__Goal of the exercise__.
Every line in the records below with the string "nofix" is to be copied out.

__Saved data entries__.
================================
text \<open>Nora opens with \<open>a\<^sub>1 = 0\<close> and answers Wanda's move with \<open>a\<^sub>3 = 0\<close>, or with
  \<open>a\<^sub>2 = 0\<close> if Wanda took \<open>a\<^sub>3\<close>. Whatever Wanda does next, Nora's last move completes one of
  three root-free patterns. If the open coefficient is \<open>a\<^sub>0\<close> or \<open>a\<^sub>4\<close>, she gives it a valuation so
  small, and off by one modulo 4 from the valuation of the opposite end coefficient, that the Newton
  polygon is a single segment of non-integral slope; then for every \<open>x\<close> one of the two end terms
  strictly dominates. If the open coefficient is \<open>a\<^sub>2\<close> in \<open>a\<^sub>0 + a\<^sub>2 x\<^sup>2 + a\<^sub>4 x\<^sup>4\<close>, she takes
  \<open>a\<^sub>2 = 0\<close> when \<open>v a\<^sub>0 - v a\<^sub>4\<close> is odd and \<open>v a\<^sub>2 = min (v a\<^sub>0) (v a\<^sub>4) - 1\<close> otherwise, and again
  one term strictly dominates for every \<open>x\<close>. A sum with a strictly dominant term is nonzero by
  the ultrametric inequality.\<close>

lemma discrete_valuation_mult:
  "discrete_valuation v \<Longrightarrow> x \<noteq> 0 \<Longrightarrow> y \<noteq> 0 \<Longrightarrow> v (x * y) = v x + v y"
  unfolding discrete_valuation_def by blast

lemma discrete_valuation_add:
  "discrete_valuation v \<Longrightarrow> x \<noteq> 0 \<Longrightarrow> y \<noteq> 0 \<Longrightarrow> x + y \<noteq> 0 \<Longrightarrow>
    min (v x) (v y) \<le> v (x + y)"
  unfolding discrete_valuation_def by blast

lemma discrete_valuation_surj:
  "discrete_valuation v \<Longrightarrow> \<exists>x. x \<noteq> 0 \<and> v x = n"
  unfolding discrete_valuation_def by blast

lemma discrete_valuation_one: "discrete_valuation v \<Longrightarrow> v 1 = 0"
  using discrete_valuation_mult[of v 1 1] by simp

lemma discrete_valuation_minus:
  assumes "discrete_valuation v" "x \<noteq> 0"
  shows "v (- x) = v x"
proof -
  have "v (-1) + v (-1) = v 1"
    using discrete_valuation_mult[OF assms(1), of "-1" "-1"] by simp
  then have "v (-1) = 0"
    using discrete_valuation_one[OF assms(1)] by simp
  then show ?thesis
    using discrete_valuation_mult[OF assms(1), of "-1" x] assms(2) by simp
qed

lemma discrete_valuation_monomial:
  assumes "discrete_valuation v" "a \<noteq> 0" "x \<noteq> 0"
  shows "v (a * x ^ n) = v a + int n * v x"
proof -
  have "v (x ^ n) = int n * v x"
    by (induction n)
      (simp_all add: assms discrete_valuation_one discrete_valuation_mult algebra_simps)
  then show ?thesis
    using assms by (simp add: discrete_valuation_mult)
qed

lemma discrete_valuation_sum_greater:
  assumes "discrete_valuation v" "finite I" "\<forall>i\<in>I. f i \<noteq> 0 \<longrightarrow> w < v (f i)" "sum f I \<noteq> 0"
  shows "w < v (sum f I)"
  using assms(2-4)
proof (induction I rule: finite_induct)
  case empty
  then show ?case by simp
next
  case (insert i I)
  then have sum_insert: "sum f (insert i I) = f i + sum f I"
    by simp
  show ?case
  proof (cases "f i = 0 \<or> sum f I = 0")
    case True
    then show ?thesis
      using insert by auto
  next
    case False
    then have "min (v (f i)) (v (sum f I)) \<le> v (sum f (insert i I))"
      using discrete_valuation_add[OF assms(1)] insert.prems(2) sum_insert by metis
    then show ?thesis
      using insert False by fastforce
  qed
qed

lemma discrete_valuation_sum_dominant_ne_zero:
  assumes dv: "discrete_valuation v" and "finite I" "j \<in> I" "f j \<noteq> 0"
    and dominant: "\<forall>i\<in>I - {j}. f i \<noteq> 0 \<longrightarrow> v (f j) < v (f i)"
  shows "sum f I \<noteq> 0"
proof
  assume "sum f I = 0"
  then have "sum f (I - {j}) = - f j"
    using assms(2,3) by (simp add: sum.remove eq_neg_iff_add_eq_0 add.commute)
  moreover have "v (f j) < v (sum f (I - {j}))" if "sum f (I - {j}) \<noteq> 0"
    using discrete_valuation_sum_greater[OF dv _ dominant that] assms(2) by simp
  ultimately show False
    using discrete_valuation_minus[OF dv \<open>f j \<noteq> 0\<close>] \<open>f j \<noteq> 0\<close> by simp
qed

lemma poly_ne_zero_if_dominant_term:
  assumes dv: "discrete_valuation v" and "x \<noteq> 0" "coeff p j \<noteq> 0"
    and dominant: "\<forall>i. i \<noteq> j \<longrightarrow> coeff p i \<noteq> 0 \<longrightarrow>
                     v (coeff p j) + int j * v x < v (coeff p i) + int i * v x"
  shows "poly p x \<noteq> 0"
proof -
  have "(\<Sum>i\<le>degree p. coeff p i * x ^ i) \<noteq> 0"
  proof (rule discrete_valuation_sum_dominant_ne_zero[OF dv])
    show "j \<in> {..degree p}"
      using le_degree[OF assms(3)] by simp
    show "\<forall>i\<in>{..degree p} - {j}. coeff p i * x ^ i \<noteq> 0 \<longrightarrow>
        v (coeff p j * x ^ j) < v (coeff p i * x ^ i)"
      using dominant assms(2,3) by (simp add: discrete_valuation_monomial[OF dv])
  qed (use assms(2,3) in auto)
  then show ?thesis
    by (simp add: poly_altdef)
qed
(* Let $n\ge4$ be even. The map $\rho:\mathcal F_{n-2}\to Y_1$, $z\mapsto w_0zs_{n-1}w_0$, is an order-preserving one-to-one mapping (onto $Y_1$) with respect to the Bruhat orders.
   Context: $s_i=(i,i+1)$; permutations compose right to left. For even $m$, $\mathcal F_m$ is the set of fixed-point-free involutions of $S_m$ with conjugation action and height $\ell/2$; its Bruhat order is the weakest partial order with $z\le tzt$ for transpositions $t$ with $\ell(z)\le\ell(tzt)$. Regard $\mathcal F_{n-2}\subset S_n$ (fixing $n-1,n$); $w_0$ is the longest element of $S_n$; $Y_1=\rho(\mathcal F_{n-2})\subseteq\mathcal F_n$, with the Bruhat order of $\mathcal F_n$ restricted. *)

theory Defs
  imports "HOL-Combinatorics.Combinatorics"
begin

text \<open>Permutations of {1..m} are functions nat => nat that permute {1..m}
  (identity elsewhere); composition is right to left (function composition).
  Hence S_{n-2} is regarded as a subset of S_n fixing n-1 and n.\<close>

definition S :: "nat \<Rightarrow> (nat \<Rightarrow> nat) set" where
  "S m = {p. p permutes {1..m}}"

definition len :: "nat \<Rightarrow> (nat \<Rightarrow> nat) \<Rightarrow> nat" where
  "len m p = card {(i, j). 1 \<le> i \<and> i < j \<and> j \<le> m \<and> p j < p i}"

definition s :: "nat \<Rightarrow> nat \<Rightarrow> nat" where
  "s i = transpose i (i + 1)"

definition F :: "nat \<Rightarrow> (nat \<Rightarrow> nat) set" where
  "F m = {z \<in> S m. z \<circ> z = id \<and> (\<forall>i \<in> {1..m}. z i \<noteq> i)}"

definition transpositions :: "nat \<Rightarrow> (nat \<Rightarrow> nat) set" where
  "transpositions m = {transpose i j | i j. 1 \<le> i \<and> i < j \<and> j \<le> m}"

definition bruhat_step :: "nat \<Rightarrow> (nat \<Rightarrow> nat) \<Rightarrow> (nat \<Rightarrow> nat) \<Rightarrow> bool" where
  "bruhat_step m z z' \<longleftrightarrow> z \<in> F m \<and>
     (\<exists>t \<in> transpositions m. z' = t \<circ> z \<circ> t \<and> len m z \<le> len m z')"

definition bruhatF :: "nat \<Rightarrow> (nat \<Rightarrow> nat) \<Rightarrow> (nat \<Rightarrow> nat) \<Rightarrow> bool" where
  "bruhatF m z z' \<longleftrightarrow> z \<in> F m \<and> z' \<in> F m \<and> (bruhat_step m)\<^sup>*\<^sup>* z z'"

definition w0 :: "nat \<Rightarrow> nat \<Rightarrow> nat" where
  "w0 n = (\<lambda>i. if 1 \<le> i \<and> i \<le> n then n + 1 - i else i)"

definition rho :: "nat \<Rightarrow> (nat \<Rightarrow> nat) \<Rightarrow> (nat \<Rightarrow> nat)" where
  "rho n z = w0 n \<circ> z \<circ> s (n - 1) \<circ> w0 n"

definition Y1 :: "nat \<Rightarrow> (nat \<Rightarrow> nat) set" where
  "Y1 n = rho n ` F (n - 2)"

end

theory Submission
  imports Defs
begin

text \<open>Write \<open>n = m + 2\<close>, so that \<open>\<rho> z = w\<^sub>0 (z s\<^sub>m\<^sub>+\<^sub>1) w\<^sub>0\<close>. Each of the two
  operations maps fixed-point-free involutions to fixed-point-free involutions and a
  generating step \<open>z \<rightarrow> t z t\<close> of the Bruhat order to a generating step. Right
  multiplication by \<open>s\<^sub>m\<^sub>+\<^sub>1\<close> commutes with every permutation of \<open>{1..m}\<close>, so it sends
  \<open>t z t\<close> to \<open>t (z s\<^sub>m\<^sub>+\<^sub>1) t\<close>, and it adds exactly the inversion \<open>(m+1, m+2)\<close>, so all
  lengths grow by one. Conjugation by the involution \<open>w\<^sub>0\<close> sends transpositions to
  transpositions and preserves the number of inversions, via the reflection
  \<open>(i, j) \<mapsto> (n+1-j, n+1-i)\<close> of pairs. Injectivity holds since \<open>w\<^sub>0\<close> and \<open>s\<^sub>m\<^sub>+\<^sub>1\<close> are
  invertible.\<close>

lemma rtranclp_map:
  assumes "\<And>x y. r x y \<Longrightarrow> r' (f x) (f y)" and "r\<^sup>*\<^sup>* x y"
  shows "r'\<^sup>*\<^sup>* (f x) (f y)"
  using assms(2) by induction (auto intro: rtranclp.rtrancl_into_rtrancl assms(1))

lemma permutes_comp_transpose_commute:
  assumes "p permutes A" "a \<notin> A" "b \<notin> A"
  shows "p \<circ> transpose a b = transpose a b \<circ> p"
proof
  fix x
  have "p x \<in> A \<longleftrightarrow> x \<in> A"
    using assms(1) by (simp add: permutes_in_image)
  then show "(p \<circ> transpose a b) x = (transpose a b \<circ> p) x"
    using assms by (auto simp: transpose_def permutes_not_in)
qed

lemma F_permutes: "z \<in> F n \<Longrightarrow> z permutes {1..n}"
  by (simp add: F_def S_def)

lemma transpositions_permutes: "t \<in> transpositions n \<Longrightarrow> t permutes {1..n}"
  by (auto simp: transpositions_def intro: permutes_swap_id)

lemma transpositions_mono: "m \<le> n \<Longrightarrow> transpositions m \<subseteq> transpositions n"
  by (fastforce simp: transpositions_def)

lemma F_conj_involution:
  assumes "z \<in> F n" "q permutes {1..n}" "q \<circ> q = id"
  shows "q \<circ> z \<circ> q \<in> F n"
proof -
  have qq: "q (q x) = x" for x
    using assms(3) by (simp add: pointfree_idE)
  have "z \<circ> z = id" "z permutes {1..n}" and nofix: "\<forall>i \<in> {1..n}. z i \<noteq> i"
    using assms(1) by (auto simp: F_def S_def)
  moreover have "q (z (q i)) \<noteq> i" if "i \<in> {1..n}" for i
    by (metis nofix permutes_in_image[OF assms(2)] qq that)
  ultimately show ?thesis
    using assms(2) qq by (auto simp: F_def S_def fun_eq_iff permutes_compose)
qed

definition inversions :: "nat \<Rightarrow> (nat \<Rightarrow> nat) \<Rightarrow> (nat \<times> nat) set" where
  "inversions m p = {(i, j). 1 \<le> i \<and> i < j \<and> j \<le> m \<and> p j < p i}"

lemma len_eq_card_inversions: "len m p = card (inversions m p)"
  by (simp add: len_def inversions_def)

lemma finite_inversions: "finite (inversions m p)"
  by (rule finite_subset[of _ "{1..m} \<times> {1..m}"]) (auto simp: inversions_def)

lemma w0_w0 [simp]: "w0 n (w0 n x) = x"
  by (auto simp: w0_def)

lemma w0_comp_w0: "w0 n \<circ> w0 n = id"
  by (simp add: fun_eq_iff)

lemma w0_permutes: "w0 n permutes {1..n}"
proof (rule bij_imp_permutes)
  show "bij_betw (w0 n) {1..n} {1..n}"
    by (rule bij_betw_byWitness[where f' = "w0 n"]) (auto simp: w0_def)
qed (auto simp: w0_def)

lemma w0_apply: "1 \<le> i \<Longrightarrow> i \<le> n \<Longrightarrow> w0 n i = n + 1 - i"
  by (simp add: w0_def)

lemma w0_eq_iff: "w0 n x = y \<longleftrightarrow> x = w0 n y"
  by auto

lemma w0_conj_transpose: "w0 n \<circ> transpose i j \<circ> w0 n = transpose (w0 n i) (w0 n j)"
  by (auto simp: fun_eq_iff transpose_def w0_eq_iff)

lemma transpositions_conj_w0:
  assumes "t \<in> transpositions n"
  shows "w0 n \<circ> t \<circ> w0 n \<in> transpositions n"
proof -
  obtain i j where t: "t = transpose i j" and ij: "1 \<le> i" "i < j" "j \<le> n"
    using assms by (auto simp: transpositions_def)
  then have "w0 n \<circ> t \<circ> w0 n = transpose (n + 1 - j) (n + 1 - i)"
    by (simp add: w0_conj_transpose w0_apply transpose_commute)
  moreover have "1 \<le> n + 1 - j" "n + 1 - j < n + 1 - i" "n + 1 - i \<le> n"
    using ij by auto
  ultimately show ?thesis
    unfolding transpositions_def by blast
qed

lemma inversions_conj_w0:
  assumes "p permutes {1..n}" "(i, j) \<in> inversions n p"
  shows "(n + 1 - j, n + 1 - i) \<in> inversions n (w0 n \<circ> p \<circ> w0 n)"
proof -
  have "i \<in> {1..n}" "j \<in> {1..n}"
    using assms(2) by (auto simp: inversions_def)
  then have "p i \<in> {1..n}" "p j \<in> {1..n}"
    using permutes_in_image[OF assms(1)] by blast+
  then show ?thesis
    using assms(2) by (auto simp: inversions_def w0_def)
qed

lemma len_conj_w0:
  assumes p: "p permutes {1..n}"
  shows "len n (w0 n \<circ> p \<circ> w0 n) = len n p"
proof -
  let ?reflect = "\<lambda>(i, j). (n + 1 - j, n + 1 - i)"
  let ?p' = "w0 n \<circ> p \<circ> w0 n"
  have inj: "inj_on ?reflect (inversions n q)" for q
    by (auto simp: inj_on_def inversions_def)
  have p': "?p' permutes {1..n}"
    by (intro permutes_compose p w0_permutes)
  have "w0 n \<circ> ?p' \<circ> w0 n = p"
    by (simp add: fun_eq_iff)
  then have "?reflect ` inversions n ?p' \<subseteq> inversions n p"
    using inversions_conj_w0[OF p'] by fastforce
  moreover have "?reflect ` inversions n p \<subseteq> inversions n ?p'"
    using inversions_conj_w0[OF p] by fastforce
  ultimately show ?thesis
    unfolding len_eq_card_inversions
    by (intro antisym card_inj_on_le[OF inj] finite_inversions)
qed

lemma bruhat_step_conj_w0:
  assumes "bruhat_step n y y'"
  shows "bruhat_step n (w0 n \<circ> y \<circ> w0 n) (w0 n \<circ> y' \<circ> w0 n)"
proof -
  obtain t where y: "y \<in> F n" and t: "t \<in> transpositions n" and y': "y' = t \<circ> y \<circ> t"
    and le: "len n y \<le> len n y'"
    using assms by (auto simp: bruhat_step_def)
  have yp: "y permutes {1..n}"
    using y by (rule F_permutes)
  have y'p: "y' permutes {1..n}"
    unfolding y' by (intro permutes_compose yp transpositions_permutes[OF t])
  let ?t' = "w0 n \<circ> t \<circ> w0 n"
  have "w0 n \<circ> y' \<circ> w0 n = ?t' \<circ> (w0 n \<circ> y \<circ> w0 n) \<circ> ?t'"
    by (simp add: y' fun_eq_iff)
  moreover have "len n (w0 n \<circ> y \<circ> w0 n) \<le> len n (w0 n \<circ> y' \<circ> w0 n)"
    using le by (simp only: len_conj_w0 yp y'p)
  ultimately show ?thesis
    using F_conj_involution[OF y w0_permutes w0_comp_w0] transpositions_conj_w0[OF t]
    by (auto simp: bruhat_step_def)
qed

lemma s_permutes: "s (Suc m) permutes {1..m + 2}"
  unfolding s_def by (rule permutes_swap_id) auto

lemma permutes_comp_s_commute:
  "p permutes {1..m} \<Longrightarrow> p \<circ> s (Suc m) = s (Suc m) \<circ> p"
  unfolding s_def by (rule permutes_comp_transpose_commute) auto

lemma comp_s_apply:
  assumes "p permutes {1..m}"
  shows "p (s (Suc m) k) = (if k = Suc m then m + 2 else if k = m + 2 then Suc m else p k)"
  using assms by (auto simp: s_def transpose_def permutes_not_in)

lemma inversions_comp_s:
  assumes p: "p permutes {1..m}"
  shows "inversions (m + 2) (p \<circ> s (Suc m)) = insert (Suc m, m + 2) (inversions m p)"
proof (rule set_eqI, clarify)
  fix i j :: nat
  have p_le: "p k \<le> m" if "1 \<le> k" "k \<le> m" for k
    using that permutes_in_image[OF p, of k] by simp
  consider "j \<le> m" | "j = Suc m" | "j = m + 2" | "m + 2 < j"
    by linarith
  then show "(i, j) \<in> inversions (m + 2) (p \<circ> s (Suc m))
      \<longleftrightarrow> (i, j) \<in> insert (Suc m, m + 2) (inversions m p)"
  proof cases
    case 1
    then show ?thesis
      by (auto simp: inversions_def comp_s_apply[OF p])
  next
    case 2
    then show ?thesis
      using p_le[of i] by (auto simp: inversions_def comp_s_apply[OF p])
  next
    case 3
    then show ?thesis
      using p_le[of i] by (auto simp: inversions_def comp_s_apply[OF p])
  qed (auto simp: inversions_def)
qed

lemma len_comp_s:
  assumes "p permutes {1..m}"
  shows "len (m + 2) (p \<circ> s (Suc m)) = Suc (len m p)"
proof -
  have notin: "(Suc m, m + 2) \<notin> inversions m p"
    by (simp add: inversions_def)
  have "len (m + 2) (p \<circ> s (Suc m)) = card (insert (Suc m, m + 2) (inversions m p))"
    by (simp only: len_eq_card_inversions inversions_comp_s[OF assms])
  also have "\<dots> = Suc (len m p)"
    using notin by (simp add: finite_inversions len_eq_card_inversions)
  finally show ?thesis .
qed

lemma F_comp_s:
  assumes z: "z \<in> F m"
  shows "z \<circ> s (Suc m) \<in> F (m + 2)"
proof -
  have zp: "z permutes {1..m}" and zz: "z \<circ> z = id" and nofix: "\<forall>i \<in> {1..m}. z i \<noteq> i"
    using z by (simp_all add: F_def S_def)
  have "z \<circ> s (Suc m) permutes {1..m + 2}"
    using permutes_subset[OF zp] by (intro permutes_compose s_permutes) auto
  moreover have "(z \<circ> s (Suc m)) \<circ> (z \<circ> s (Suc m)) = id"
  proof -
    have "(z \<circ> s (Suc m)) \<circ> (z \<circ> s (Suc m)) = (z \<circ> z) \<circ> (s (Suc m) \<circ> s (Suc m))"
      by (metis comp_assoc permutes_comp_s_commute[OF zp])
    then show ?thesis
      by (simp add: zz s_def)
  qed
  moreover have "z (s (Suc m) i) \<noteq> i" if "i \<in> {1..m + 2}" for i
  proof -
    have "i \<in> {1..m} \<or> i = Suc m \<or> i = m + 2"
      using that by auto
    then show ?thesis
      using nofix by (auto simp: comp_s_apply[OF zp])
  qed
  ultimately show ?thesis
    by (simp add: F_def S_def)
qed

lemma bruhat_step_comp_s:
  assumes "bruhat_step m y y'"
  shows "bruhat_step (m + 2) (y \<circ> s (Suc m)) (y' \<circ> s (Suc m))"
proof -
  obtain t where y: "y \<in> F m" and t: "t \<in> transpositions m" and y': "y' = t \<circ> y \<circ> t"
    and le: "len m y \<le> len m y'"
    using assms by (auto simp: bruhat_step_def)
  have yp: "y permutes {1..m}"
    using y by (rule F_permutes)
  have tp: "t permutes {1..m}"
    using t by (rule transpositions_permutes)
  then have y'p: "y' permutes {1..m}"
    unfolding y' by (intro permutes_compose yp)
  have "y' \<circ> s (Suc m) = t \<circ> (y \<circ> s (Suc m)) \<circ> t"
    using permutes_comp_s_commute[OF tp] by (simp add: y' comp_assoc)
  moreover have "t \<in> transpositions (m + 2)"
    using t transpositions_mono[of m "m + 2"] by auto
  moreover have "len (m + 2) (y \<circ> s (Suc m)) \<le> len (m + 2) (y' \<circ> s (Suc m))"
    using le by (simp only: len_comp_s yp y'p Suc_le_mono)
  ultimately show ?thesis
    using F_comp_s[OF y] by (auto simp: bruhat_step_def)
qed

lemma rho_factorization: "rho (m + 2) z = w0 (m + 2) \<circ> (z \<circ> s (Suc m)) \<circ> w0 (m + 2)"
  by (simp add: rho_def comp_assoc)

lemma rho_in_F: "z \<in> F m \<Longrightarrow> rho (m + 2) z \<in> F (m + 2)"
  unfolding rho_factorization by (intro F_conj_involution F_comp_s w0_permutes w0_comp_w0)

lemma bruhat_step_rho:
  "bruhat_step m y y' \<Longrightarrow> bruhat_step (m + 2) (rho (m + 2) y) (rho (m + 2) y')"
  unfolding rho_factorization by (intro bruhat_step_conj_w0 bruhat_step_comp_s)

lemma bruhatF_rho:
  assumes "bruhatF m z z'"
  shows "bruhatF (m + 2) (rho (m + 2) z) (rho (m + 2) z')"
proof -
  have z: "z \<in> F m" and z': "z' \<in> F m" and chain: "(bruhat_step m)\<^sup>*\<^sup>* z z'"
    using assms by (simp_all add: bruhatF_def)
  show ?thesis
    unfolding bruhatF_def
    using rho_in_F[OF z] rho_in_F[OF z']
      rtranclp_map[of "bruhat_step m" "bruhat_step (m + 2)" "rho (m + 2)", OF bruhat_step_rho chain]
    by blast
qed

lemma rho_cancel: "w0 (m + 2) \<circ> rho (m + 2) z \<circ> w0 (m + 2) \<circ> s (Suc m) = z"
  by (simp add: rho_def fun_eq_iff s_def)

lemma inj_rho: "inj (rho (m + 2))"
proof (rule injI)
  fix z z'
  assume eq: "rho (m + 2) z = rho (m + 2) z'"
  have "z = w0 (m + 2) \<circ> rho (m + 2) z \<circ> w0 (m + 2) \<circ> s (Suc m)"
    by (rule rho_cancel[symmetric])
  also have "\<dots> = w0 (m + 2) \<circ> rho (m + 2) z' \<circ> w0 (m + 2) \<circ> s (Suc m)"
    by (simp only: eq)
  also have "\<dots> = z'"
    by (rule rho_cancel)
  finally show "z = z'" .
qed

theorem proposition3p2:
  fixes n :: nat
  assumes "even n" and "4 \<le> n"
  shows "Y1 n \<subseteq> F n
    \<and> (\<forall>z \<in> F (n - 2). \<forall>z' \<in> F (n - 2).
         bruhatF (n - 2) z z' \<longrightarrow> bruhatF n (rho n z) (rho n z'))
    \<and> inj_on (rho n) (F (n - 2))
    \<and> rho n ` F (n - 2) = Y1 n"
proof -
  define m where "m = n - 2"
  have n: "n = m + 2" and m: "n - 2 = m"
    using assms(2) by (simp_all add: m_def)
  have "rho n ` F m \<subseteq> F n"
    unfolding n using rho_in_F by blast
  moreover have "bruhatF n (rho n z) (rho n z')" if "bruhatF m z z'" for z z'
    unfolding n using that by (rule bruhatF_rho)
  moreover have "inj_on (rho n) (F m)"
    unfolding n using inj_rho by (rule inj_on_subset) simp
  ultimately show ?thesis
    unfolding m Y1_def by blast
qed

end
================================
__Result__.
  have "z \<circ> z = id" "z permutes {1..n}" and nofix: "\<forall>i \<in> {1..n}. z i \<noteq> i"
    by (metis nofix permutes_in_image[OF assms(2)] qq that)
  have zp: "z permutes {1..m}" and zz: "z \<circ> z = id" and nofix: "\<forall>i \<in> {1..m}. z i \<noteq> i"
      using nofix by (auto simp: comp_s_apply[OF zp])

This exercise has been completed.